**Data excerpts:**
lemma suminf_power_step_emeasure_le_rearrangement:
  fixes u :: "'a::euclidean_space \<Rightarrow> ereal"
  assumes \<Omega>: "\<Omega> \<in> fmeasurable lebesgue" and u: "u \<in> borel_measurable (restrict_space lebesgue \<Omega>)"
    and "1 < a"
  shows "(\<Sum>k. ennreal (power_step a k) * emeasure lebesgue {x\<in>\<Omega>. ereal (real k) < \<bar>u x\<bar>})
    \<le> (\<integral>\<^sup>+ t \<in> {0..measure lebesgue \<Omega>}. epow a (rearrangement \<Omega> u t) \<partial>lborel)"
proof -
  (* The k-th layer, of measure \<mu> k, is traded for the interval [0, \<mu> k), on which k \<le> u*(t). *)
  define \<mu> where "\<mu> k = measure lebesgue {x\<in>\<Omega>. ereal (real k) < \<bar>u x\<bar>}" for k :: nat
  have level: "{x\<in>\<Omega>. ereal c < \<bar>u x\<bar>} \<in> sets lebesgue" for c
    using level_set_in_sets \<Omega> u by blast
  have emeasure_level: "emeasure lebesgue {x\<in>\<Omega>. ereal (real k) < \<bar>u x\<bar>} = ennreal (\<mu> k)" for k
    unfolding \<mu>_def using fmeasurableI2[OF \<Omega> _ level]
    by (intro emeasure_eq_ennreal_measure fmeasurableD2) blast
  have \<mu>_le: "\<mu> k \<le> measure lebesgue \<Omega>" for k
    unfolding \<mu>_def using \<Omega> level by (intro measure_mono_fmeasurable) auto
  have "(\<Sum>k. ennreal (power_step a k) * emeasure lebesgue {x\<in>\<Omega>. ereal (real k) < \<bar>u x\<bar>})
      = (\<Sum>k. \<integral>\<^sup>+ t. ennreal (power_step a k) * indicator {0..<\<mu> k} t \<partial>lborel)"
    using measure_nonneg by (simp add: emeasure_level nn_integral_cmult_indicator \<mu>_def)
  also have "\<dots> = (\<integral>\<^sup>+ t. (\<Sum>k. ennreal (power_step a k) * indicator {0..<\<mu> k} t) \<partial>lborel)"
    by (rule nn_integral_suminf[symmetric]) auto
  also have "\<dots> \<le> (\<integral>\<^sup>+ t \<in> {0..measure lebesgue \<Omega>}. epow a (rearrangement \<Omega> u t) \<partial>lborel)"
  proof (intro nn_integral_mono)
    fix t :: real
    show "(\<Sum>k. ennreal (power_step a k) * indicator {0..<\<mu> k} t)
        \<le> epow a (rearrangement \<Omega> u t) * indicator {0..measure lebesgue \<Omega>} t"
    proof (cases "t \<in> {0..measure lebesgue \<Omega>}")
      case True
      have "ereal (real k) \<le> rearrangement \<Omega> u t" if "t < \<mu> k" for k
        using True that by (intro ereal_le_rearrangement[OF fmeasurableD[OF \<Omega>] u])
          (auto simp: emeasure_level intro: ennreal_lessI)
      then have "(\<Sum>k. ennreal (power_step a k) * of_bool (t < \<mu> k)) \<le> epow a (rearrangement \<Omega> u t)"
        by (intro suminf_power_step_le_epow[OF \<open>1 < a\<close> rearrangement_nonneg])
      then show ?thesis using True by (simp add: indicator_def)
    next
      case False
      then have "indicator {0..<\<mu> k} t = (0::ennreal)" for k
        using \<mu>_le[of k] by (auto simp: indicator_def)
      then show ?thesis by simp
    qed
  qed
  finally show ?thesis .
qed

**What is expected:**
Looking at the material above, work out how many lines have the word "simp" in them. Answer with that number alone.

**Task solution:**
5